Content filtering and collaborative filtering are the two most important recommendation methods. The difference between them is that the information required for prediction is different. Figure 1 shows a set of movie rating data and some tags for users and movies. Note that the user-rated movie data here is derived from the graph structure: the user and the movie are the vertices of the graph, and the ratings are the edges of the graph. In this case, the content filtering method leverages the tag attributes of the movie and the user. By checking the tag, we learned that Alice is a huge fan of Marvel movies, and Iron Man is a Marvel movie, so the Iron Man series is a good recommendation for her. A specific example of a content filtering scoring system is TF-IDF, which is used to sort document searches.

User and movie tags may not always be available. When label data is sparse, content filtering methods can be unreliable. Collaborative filtering methods, on the other hand, rely primarily on user behavior data (such as ratings or movie viewing history).

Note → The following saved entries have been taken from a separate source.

lemma delta_plus_comb:
  fixes \<beta> :: "real^'d \<Rightarrow> nat"
  shows "delta_plus M T (- (\<Sum>v\<in>T - {0}. real (\<beta> v) *\<^sub>R v))
       = ennreal (Mnorm M (\<Sum>v\<in>T - {0}. real (\<beta> v) *\<^sub>R v)
                  + (sin (angleM M T))\<^sup>2 * (\<Sum>v\<in>T - {0}. harm (\<beta> v) * Mnorm M v))"
proof -
  have "(\<Sum>v\<in>T - {0}. (\<Sum>k = 1..betas T (- (\<Sum>v\<in>T - {0}. real (\<beta> v) *\<^sub>R v)) v. 1 / real k) * Mnorm M v)
      = (\<Sum>v\<in>T - {0}. harm (\<beta> v) * Mnorm M v)"
    by (rule sum.cong) (simp_all add: betas_comb harm_def inverse_eq_divide)
  then show ?thesis
    using comb_in_cone[of \<beta>] by (simp add: delta_plus_def Mnorm_minus)
qed

lemma lattice_cone_nat_coords:
  assumes "lattice_pt y" and "y \<in> cone_of T"
  obtains \<beta> :: "real^'d \<Rightarrow> nat" where "y = (\<Sum>v\<in>T - {0}. real (\<beta> v) *\<^sub>R v)"
proof -
  obtain c where c: "\<forall>v\<in>T - {0}. 0 \<le> c v" and y: "y = (\<Sum>v\<in>T - {0}. c v *\<^sub>R v)"
    using assms(2) cone_of_finite[OF finite_T zero_in_T] by blast
  have "c v \<in> \<int>" if "v \<in> T - {0}" for v
    using assms(1) y that finite_T card_T zero_in_T volume_T lattice_T
    by (intro lattice_simplex_coords_Ints) auto
  then have "real (nat \<lfloor>c v\<rfloor>) = c v" if "v \<in> T - {0}" for v
    using c that by (metis Ints_cases floor_of_int of_int_of_nat_eq nat_0_le of_int_0_le_iff)
  then have "y = (\<Sum>v\<in>T - {0}. real (nat \<lfloor>c v\<rfloor>) *\<^sub>R v)"
    unfolding y by (intro sum.cong) simp_all
  then show ?thesis
    by (rule that)
qed

lemma comb_decrement:
  fixes \<beta> :: "real^'d \<Rightarrow> nat"
  assumes "w \<in> T - {0}" and "0 < \<beta> w"
  shows "(\<Sum>v\<in>T - {0}. real ((\<beta>(w := \<beta> w - 1)) v) *\<^sub>R v) = (\<Sum>v\<in>T - {0}. real (\<beta> v) *\<^sub>R v) - w"
  using assms finite_T
  by (subst sum_cong_except_one[where x = w and g = "\<lambda>v. real (\<beta> v) *\<^sub>R v"])
     (auto simp: of_nat_diff algebra_simps)

lemma harm_decrement:
  fixes \<beta> :: "real^'d \<Rightarrow> nat"
  assumes "w \<in> T - {0}" and "0 < \<beta> w"
  shows "(\<Sum>v\<in>T - {0}. harm ((\<beta>(w := \<beta> w - 1)) v) * Mnorm M v)
       = (\<Sum>v\<in>T - {0}. harm (\<beta> v) * Mnorm M v) - Mnorm M w / real (\<beta> w)"
proof -
  have "harm (\<beta> w) = harm (\<beta> w - 1) + 1 / real (\<beta> w)"
    using harm_Suc[of "\<beta> w - 1"] assms(2) by (simp add: inverse_eq_divide)
  then show ?thesis
    using assms finite_T
    by (subst sum_cong_except_one[where x = w and g = "\<lambda>v. harm (\<beta> v) * Mnorm M v"])
       (auto simp: algebra_simps)
qed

In the example above, Alice and Bob both liked Toy Story and gave it a 5 and 4.5 respectively. Based on these ratings records, it can be concluded that the two users may have similar preferences. Now, given Bob’s fondness for Iron Man, we predict Alice will behave similarly and recommend Iron Man to Alice. K-nearest Neighbor algorithm (KNN) is a typical collaborative filtering method. However, collaborative filtering has a so-called cold start problem — it can’t make recommendations to users without a record of ratings.

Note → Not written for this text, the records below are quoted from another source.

lemma blue_has_white_neighbour:
  assumes "x \<in> blue"
  obtains y where "adj T x y" "y \<in> white"
proof -
  have "verts T - {v \<in> blue. nbhd T v \<subseteq> blue} = verts T"
    using arg_cong[OF skew_check_eq, of fst] by (simp add: skew_check_def verts_def)
  then have "\<not> nbhd T x \<subseteq> blue"
    using assms blue_subset_verts by (metis (lifting) Diff_iff mem_Collect_eq subsetD)
  then obtain y where "y \<in> nbhd T x" "y \<notin> blue" by blast
  then have "adj T x y" "y \<in> white" by (auto simp: in_nbhd_iff white_iff nbhd_def)
  then show thesis by (rule that)
qed

text \<open>A vertex with a unique white neighbour would force it.\<close>
lemma exists_other_white_neighbour:
  assumes u: "u \<in> verts T" and uv: "adj T u v" and v: "v \<in> white"
  obtains v' where "adj T u v'" "v' \<noteq> v" "v' \<in> white"
proof -
  have "\<exists>v'. adj T u v' \<and> v' \<noteq> v \<and> v' \<in> white"
  proof (rule ccontr)
    assume none: "\<nexists>v'. adj T u v' \<and> v' \<noteq> v \<and> v' \<in> white"
    have "\<forall>w\<in>nbhd T u - {v}. w \<in> skew_closure T {}"
    proof
      fix w assume "w \<in> nbhd T u - {v}"
      then have "adj T u w" "w \<noteq> v" "w \<in> verts T" by (auto simp: nbhd_def in_nbhd_iff)
      with none show "w \<in> skew_closure T {}" by (auto simp: white_iff blue_iff)
    qed
    then have "v \<in> skew_closure T {}"
      using u uv by (simp add: in_nbhd_iff skew_closure.force)
    with v show False by (simp add: blue_iff white_iff)
  qed
  then show thesis using that by blast
qed

lemma white_adj_imp_blue:
  assumes "x \<in> white" "adj T x y"
  shows "y \<in> blue"
proof (rule ccontr)
  assume "y \<notin> blue"
  then have "y \<in> white" using adj_imp_verts(2)[OF simple assms(2)] by (simp add: white_iff)
  define U where "U = {x \<in> white. \<exists>y \<in> white. adj T x y}"
  have "\<not> acyclic_graph T"
  proof (rule not_acyclic_if_min_degree_two[OF simple])
    show "U \<subseteq> verts T" by (auto simp: U_def white_iff)
    show "U \<noteq> {}" using assms \<open>y \<in> white\<close> by (auto simp: U_def)
    fix a assume "a \<in> U"
    then obtain b where ab: "a \<in> white" "b \<in> white" "adj T a b" by (auto simp: U_def)
    then obtain c where c: "adj T a c" "c \<noteq> b" "c \<in> white"
      using exists_other_white_neighbour white_iff by metis
    have "b \<in> U" "c \<in> U" using ab c by (auto simp: U_def adj_commute)
    with ab c show "\<exists>y z. y \<noteq> z \<and> y \<in> U \<and> z \<in> U \<and> adj T a y \<and> adj T a z"
      by blast
  qed
  with acyclic show False by simp
qed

Memory-based vs model-based

Recommendation systems can also be divided into memory-based and model-based approaches based on explicit or implicit usage characteristics. In the above example, all user and movie characteristics are explicitly given, which allows for a direct match based on the movie and user tags. But sometimes deep learning models are needed to extract implied features from user and movie information (for example, NLP models that classify movies according to their Outlines). Model-based recommendation systems use machine learning models to make predictions, while memory-based recommendation systems mainly use explicit features.

Here are some typical use cases for different types of recommendation systems:

How does factorization work in a recommendation system

As mentioned above, collaborative filtering methods, such as KNN, can predict movie ratings without knowing user attributes and movie attributes. However, this method may not produce accurate predictions when the rating data is sparse, i.e., when a particular user has rated only a few movies. In Figure 1, if Bob did not rate Toy Story, KNN could not predict Alice’s rating of Iron Man, because there is no connection between Alice and Bob, and Alice herself has no neighbors. To address this challenge, factorization combines model-based methods with collaborative filtering methods to improve the accuracy of prediction when scoring records are sparse.

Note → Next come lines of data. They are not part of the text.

(* Let $W\in\{0,1\}^{n\times n}$ be a random adjacency matrix from a latent space model with population matrix $\mathscr{W}=\mathbb{E}(W)$, and let $L$ and $\mathscr{L}$ be the observed and population normalized graph Laplacians. Let $c_i=\mathscr{D}_{ii}/n$ and $\tau=\min_{i=1,\dots,n}c_i$. If $n^{1/2}/\log n>2$, then \[ \mathbb{P}\Bigl(\|LL-\mathscr{L}\mathscr{L}\|_F\ge\frac{32\sqrt2\,\log n}{\tau^2n^{1/2}}\Bigr)\le4n^{2-2\tau^2\log n}. \]
   Context: Latent space model (latent vectors treated as fixed): $W$ is a symmetric $\{0,1\}$-valued $n\times n$ matrix with $W_{ii}=0$, and the entries $W_{ij}$, $i<j$, are independent Bernoulli with means $\mathscr{W}_{ij}\in[0,1]$; $\mathscr{W}=\mathbb{E}(W)$. $D$ is diagonal with $D_{ii}=\sum_kW_{ik}$, $L=D^{-1/2}WD^{-1/2}$; $\mathscr{D}$ is diagonal with $\mathscr{D}_{ii}=\sum_k\mathscr{W}_{ik}$, $\mathscr{L}=\mathscr{D}^{-1/2}\mathscr{W}\mathscr{D}^{-1/2}$. $\|\cdot\|_F$ is the Frobenius norm. *)

theory Defs
  imports "HOL-Probability.Probability"
begin

text \<open>n x n real matrices are represented as functions nat => nat => real,
  only the entries with indices below n being relevant.\<close>

definition upper_pairs :: "nat \<Rightarrow> (nat \<times> nat) set" where
  "upper_pairs n = {(i, j). i < j \<and> j < n}"

text \<open>Distribution of the independent upper-triangular entries W_ij (i<j),
  W_ij ~ Bernoulli(P i j).  Outcomes are functions on pairs (i,j), i<j.\<close>
definition edge_pmf :: "nat \<Rightarrow> (nat \<Rightarrow> nat \<Rightarrow> real) \<Rightarrow> ((nat \<times> nat) \<Rightarrow> bool) pmf" where
  "edge_pmf n P = Pi_pmf (upper_pairs n) False (\<lambda>(i, j). bernoulli_pmf (P i j))"

definition adj :: "((nat \<times> nat) \<Rightarrow> bool) \<Rightarrow> nat \<Rightarrow> nat \<Rightarrow> real" where
  "adj \<omega> i j = (if i = j then 0 else (if \<omega> (min i j, max i j) then 1 else 0))"

definition pop :: "(nat \<Rightarrow> nat \<Rightarrow> real) \<Rightarrow> nat \<Rightarrow> nat \<Rightarrow> real" where
  "pop P i j = (if i = j then 0 else P (min i j) (max i j))"

definition degree :: "nat \<Rightarrow> (nat \<Rightarrow> nat \<Rightarrow> real) \<Rightarrow> nat \<Rightarrow> real" where
  "degree n A i = (\<Sum>k<n. A i k)"

definition norm_lap :: "nat \<Rightarrow> (nat \<Rightarrow> nat \<Rightarrow> real) \<Rightarrow> nat \<Rightarrow> nat \<Rightarrow> real" where
  "norm_lap n A i j = A i j / (sqrt (degree n A i) * sqrt (degree n A j))"

definition mat_mult :: "nat \<Rightarrow> (nat \<Rightarrow> nat \<Rightarrow> real) \<Rightarrow> (nat \<Rightarrow> nat \<Rightarrow> real) \<Rightarrow> nat \<Rightarrow> nat \<Rightarrow> real" where
  "mat_mult n A B i j = (\<Sum>k<n. A i k * B k j)"

definition frob_norm :: "nat \<Rightarrow> (nat \<Rightarrow> nat \<Rightarrow> real) \<Rightarrow> real" where
  "frob_norm n A = sqrt (\<Sum>i<n. \<Sum>j<n. (A i j)\<^sup>2)"

end

theory Submission
  imports Defs
begin

text \<open>Entrywise, \<open>(LL)\<^sub>i\<^sub>j = (\<Sum>\<^sub>k W\<^sub>i\<^sub>k W\<^sub>k\<^sub>j / D\<^sub>k\<^sub>k) / sqrt (D\<^sub>i\<^sub>i D\<^sub>j\<^sub>j)\<close>, so it suffices to control
  the degrees \<open>D\<^sub>i\<^sub>i\<close> and the weighted path counts \<open>\<Sum>\<^sub>k W\<^sub>i\<^sub>k W\<^sub>k\<^sub>j / \<D>\<^sub>k\<^sub>k\<close>. For fixed \<open>i, j\<close> the
  summands with \<open>k \<notin> {i, j}\<close> depend on the pairwise disjoint edge sets \<open>{ik, kj}\<close>, so they are
  independent and bounded, and Hoeffding's inequality at deviation \<open>\<epsilon> = log n / sqrt n\<close>
  (\<open>\<tau> n \<epsilon>\<close> for the degrees) fails for each of these \<open>n + n\<^sup>2\<close> sums with probability at most
  \<open>2 n powr (-2 \<tau>\<^sup>2 log n)\<close>. When none fails, every entry of \<open>LL - \<L>\<L>\<close> is at most
  \<open>(8 \<epsilon> + 2 \<delta>\<^sub>i\<^sub>j) / (\<tau>\<^sup>2 n)\<close>, the diagonal term being the bias caused by \<open>W\<^sub>i\<^sub>k\<^sup>2 = W\<^sub>i\<^sub>k\<close>;
  summing squares gives the Frobenius bound.\<close>

section \<open>Concentration of weighted path counts\<close>

definition edge :: "nat \<Rightarrow> nat \<Rightarrow> nat \<times> nat" where
  "edge a b = (min a b, max a b)"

Figure 2 illustrates the intuitiveness of the factorization approach. Factorization is also known as the cryptic or matrix factorization method. The goal is to get a vector for each user and movie that represents their underlying characteristics. In this example (Figure 2), the dimension of the vector is specified as 2. The two elements of movie vector x(I)x(I)x(I) represent the romantic degree and action content of the movie, and the two elements of user vector θ(j)\theta(j)θ(j) indicate the user’s preference for romance and action content, respectively. User JJJ’s rating prediction for movie III is the dot product of x(I)x(I)x(I) and theta(j) \theta(j)θ(j) as expected, the more aligned the two vectors are, the more users like the movie.

In Figure 2 (picture provided by the author), the table shows the rating records of 6 movies by 4 users, with the rating range from 0 to 5. θ(j) and x(I) represent cryptic vectors, and Alice’s score predictions are calculated based on potential factors and shown in orange font next to the real values.

The example in Figure 2 merely illustrates the intuitiveness of the factorization approach. In practice, the meaning of each vector element is usually unknown. These vectors are actually randomly initialized and “trained” by minimizing the following loss function [1].

Where MMM represents the number of scoring records, NNN represents the dimension of the argot vector, y(I,j)y(I,j)y(I,j) is user JJJ’s rating of movie III, and λ\lambda lambda is the regular factor. The first term is essentially the predicted square error (θ(j)k\theta(j)_kθ(j) K and x(I)kx(I)_kx(I) K sum of KKK), and the second term is regularization to avoid overfitting. The first term of the loss function can also be expressed as a matrix,


J = R U V T 2 J=\left\|R-U V^{\mathrm{T}}\right\|_{2}

Among them, RRR is y(I,j) Y (I,j) Y (I, J)y(I, J) as the scoring matrix, UUU and VVV are the matrix composed of user and movie cryptic vector respectively. Minimizing the squares of predictions is equivalent to minimizing the Frobenius normal form of R− Uvtr-UV ^TR−UVT. Therefore, this method is also called matrix decomposition method.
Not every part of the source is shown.